* **Problem to work on**: Copy out the entries exactly. Print them in full.

[Records from a dataset]
· · · · ·
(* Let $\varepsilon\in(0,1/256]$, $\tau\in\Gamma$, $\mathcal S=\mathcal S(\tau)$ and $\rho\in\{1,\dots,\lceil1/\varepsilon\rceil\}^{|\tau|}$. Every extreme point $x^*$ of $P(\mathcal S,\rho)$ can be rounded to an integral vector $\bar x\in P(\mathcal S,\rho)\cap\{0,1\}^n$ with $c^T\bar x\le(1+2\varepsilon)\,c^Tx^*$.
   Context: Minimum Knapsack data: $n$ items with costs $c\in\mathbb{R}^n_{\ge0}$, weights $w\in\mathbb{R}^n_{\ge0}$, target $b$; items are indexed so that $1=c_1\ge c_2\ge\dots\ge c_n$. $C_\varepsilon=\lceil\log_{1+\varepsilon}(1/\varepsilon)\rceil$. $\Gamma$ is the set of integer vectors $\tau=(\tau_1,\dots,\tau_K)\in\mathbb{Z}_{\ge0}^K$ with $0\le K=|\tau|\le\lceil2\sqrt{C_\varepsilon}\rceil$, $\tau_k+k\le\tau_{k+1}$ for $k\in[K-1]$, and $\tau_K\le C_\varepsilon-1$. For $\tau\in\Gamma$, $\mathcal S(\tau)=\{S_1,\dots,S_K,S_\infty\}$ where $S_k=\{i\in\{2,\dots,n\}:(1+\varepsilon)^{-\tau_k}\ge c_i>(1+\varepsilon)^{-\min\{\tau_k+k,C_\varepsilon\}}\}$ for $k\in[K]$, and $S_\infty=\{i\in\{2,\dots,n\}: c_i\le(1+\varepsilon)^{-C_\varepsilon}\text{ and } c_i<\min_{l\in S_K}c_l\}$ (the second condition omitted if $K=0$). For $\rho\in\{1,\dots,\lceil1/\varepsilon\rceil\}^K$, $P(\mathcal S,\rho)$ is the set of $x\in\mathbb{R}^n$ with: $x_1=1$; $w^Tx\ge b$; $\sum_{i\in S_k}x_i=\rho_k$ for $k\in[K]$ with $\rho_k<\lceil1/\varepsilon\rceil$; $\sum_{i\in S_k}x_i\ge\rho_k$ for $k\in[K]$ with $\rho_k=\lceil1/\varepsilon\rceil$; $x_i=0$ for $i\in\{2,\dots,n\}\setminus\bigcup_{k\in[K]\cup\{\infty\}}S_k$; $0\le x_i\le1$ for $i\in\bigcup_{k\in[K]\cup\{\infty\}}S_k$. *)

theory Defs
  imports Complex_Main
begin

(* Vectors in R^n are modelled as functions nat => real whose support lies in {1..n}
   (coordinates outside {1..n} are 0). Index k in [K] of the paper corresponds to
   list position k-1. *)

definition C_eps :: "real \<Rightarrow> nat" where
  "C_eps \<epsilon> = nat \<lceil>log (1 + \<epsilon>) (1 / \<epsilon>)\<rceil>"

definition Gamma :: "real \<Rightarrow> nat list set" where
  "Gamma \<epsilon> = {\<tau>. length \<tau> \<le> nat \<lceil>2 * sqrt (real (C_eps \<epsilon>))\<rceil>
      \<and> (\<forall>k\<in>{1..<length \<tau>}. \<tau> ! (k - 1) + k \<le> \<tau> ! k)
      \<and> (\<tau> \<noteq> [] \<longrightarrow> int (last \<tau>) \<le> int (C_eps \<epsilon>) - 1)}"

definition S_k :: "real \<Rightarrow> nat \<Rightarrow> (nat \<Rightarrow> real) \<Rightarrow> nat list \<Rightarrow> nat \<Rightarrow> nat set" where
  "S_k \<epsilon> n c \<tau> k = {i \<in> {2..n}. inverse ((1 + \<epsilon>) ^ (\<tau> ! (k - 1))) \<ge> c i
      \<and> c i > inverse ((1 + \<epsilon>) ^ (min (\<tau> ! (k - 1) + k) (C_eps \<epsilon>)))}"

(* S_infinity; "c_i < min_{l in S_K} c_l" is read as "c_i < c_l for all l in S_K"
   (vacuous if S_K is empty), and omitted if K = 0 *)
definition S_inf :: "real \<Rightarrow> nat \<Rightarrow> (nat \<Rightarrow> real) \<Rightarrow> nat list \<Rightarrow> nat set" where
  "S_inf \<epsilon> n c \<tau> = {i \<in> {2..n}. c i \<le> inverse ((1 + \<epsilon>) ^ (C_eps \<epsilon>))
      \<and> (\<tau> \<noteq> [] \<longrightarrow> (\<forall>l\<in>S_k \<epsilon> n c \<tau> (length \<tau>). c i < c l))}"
· · · · ·
* **Exercise response**:
(* Let $\varepsilon\in(0,1/256]$, $\tau\in\Gamma$, $\mathcal S=\mathcal S(\tau)$ and $\rho\in\{1,\dots,\lceil1/\varepsilon\rceil\}^{|\tau|}$. Every extreme point $x^*$ of $P(\mathcal S,\rho)$ can be rounded to an integral vector $\bar x\in P(\mathcal S,\rho)\cap\{0,1\}^n$ with $c^T\bar x\le(1+2\varepsilon)\,c^Tx^*$.
   Context: Minimum Knapsack data: $n$ items with costs $c\in\mathbb{R}^n_{\ge0}$, weights $w\in\mathbb{R}^n_{\ge0}$, target $b$; items are indexed so that $1=c_1\ge c_2\ge\dots\ge c_n$. $C_\varepsilon=\lceil\log_{1+\varepsilon}(1/\varepsilon)\rceil$. $\Gamma$ is the set of integer vectors $\tau=(\tau_1,\dots,\tau_K)\in\mathbb{Z}_{\ge0}^K$ with $0\le K=|\tau|\le\lceil2\sqrt{C_\varepsilon}\rceil$, $\tau_k+k\le\tau_{k+1}$ for $k\in[K-1]$, and $\tau_K\le C_\varepsilon-1$. For $\tau\in\Gamma$, $\mathcal S(\tau)=\{S_1,\dots,S_K,S_\infty\}$ where $S_k=\{i\in\{2,\dots,n\}:(1+\varepsilon)^{-\tau_k}\ge c_i>(1+\varepsilon)^{-\min\{\tau_k+k,C_\varepsilon\}}\}$ for $k\in[K]$, and $S_\infty=\{i\in\{2,\dots,n\}: c_i\le(1+\varepsilon)^{-C_\varepsilon}\text{ and } c_i<\min_{l\in S_K}c_l\}$ (the second condition omitted if $K=0$). For $\rho\in\{1,\dots,\lceil1/\varepsilon\rceil\}^K$, $P(\mathcal S,\rho)$ is the set of $x\in\mathbb{R}^n$ with: $x_1=1$; $w^Tx\ge b$; $\sum_{i\in S_k}x_i=\rho_k$ for $k\in[K]$ with $\rho_k<\lceil1/\varepsilon\rceil$; $\sum_{i\in S_k}x_i\ge\rho_k$ for $k\in[K]$ with $\rho_k=\lceil1/\varepsilon\rceil$; $x_i=0$ for $i\in\{2,\dots,n\}\setminus\bigcup_{k\in[K]\cup\{\infty\}}S_k$; $0\le x_i\le1$ for $i\in\bigcup_{k\in[K]\cup\{\infty\}}S_k$. *)

theory Defs
  imports Complex_Main
begin

(* Vectors in R^n are modelled as functions nat => real whose support lies in {1..n}
   (coordinates outside {1..n} are 0). Index k in [K] of the paper corresponds to
   list position k-1. *)

definition C_eps :: "real \<Rightarrow> nat" where
  "C_eps \<epsilon> = nat \<lceil>log (1 + \<epsilon>) (1 / \<epsilon>)\<rceil>"

definition Gamma :: "real \<Rightarrow> nat list set" where
  "Gamma \<epsilon> = {\<tau>. length \<tau> \<le> nat \<lceil>2 * sqrt (real (C_eps \<epsilon>))\<rceil>
      \<and> (\<forall>k\<in>{1..<length \<tau>}. \<tau> ! (k - 1) + k \<le> \<tau> ! k)
      \<and> (\<tau> \<noteq> [] \<longrightarrow> int (last \<tau>) \<le> int (C_eps \<epsilon>) - 1)}"

definition S_k :: "real \<Rightarrow> nat \<Rightarrow> (nat \<Rightarrow> real) \<Rightarrow> nat list \<Rightarrow> nat \<Rightarrow> nat set" where
  "S_k \<epsilon> n c \<tau> k = {i \<in> {2..n}. inverse ((1 + \<epsilon>) ^ (\<tau> ! (k - 1))) \<ge> c i
      \<and> c i > inverse ((1 + \<epsilon>) ^ (min (\<tau> ! (k - 1) + k) (C_eps \<epsilon>)))}"

(* S_infinity; "c_i < min_{l in S_K} c_l" is read as "c_i < c_l for all l in S_K"
   (vacuous if S_K is empty), and omitted if K = 0 *)
definition S_inf :: "real \<Rightarrow> nat \<Rightarrow> (nat \<Rightarrow> real) \<Rightarrow> nat list \<Rightarrow> nat set" where
  "S_inf \<epsilon> n c \<tau> = {i \<in> {2..n}. c i \<le> inverse ((1 + \<epsilon>) ^ (C_eps \<epsilon>))
      \<and> (\<tau> \<noteq> [] \<longrightarrow> (\<forall>l\<in>S_k \<epsilon> n c \<tau> (length \<tau>). c i < c l))}"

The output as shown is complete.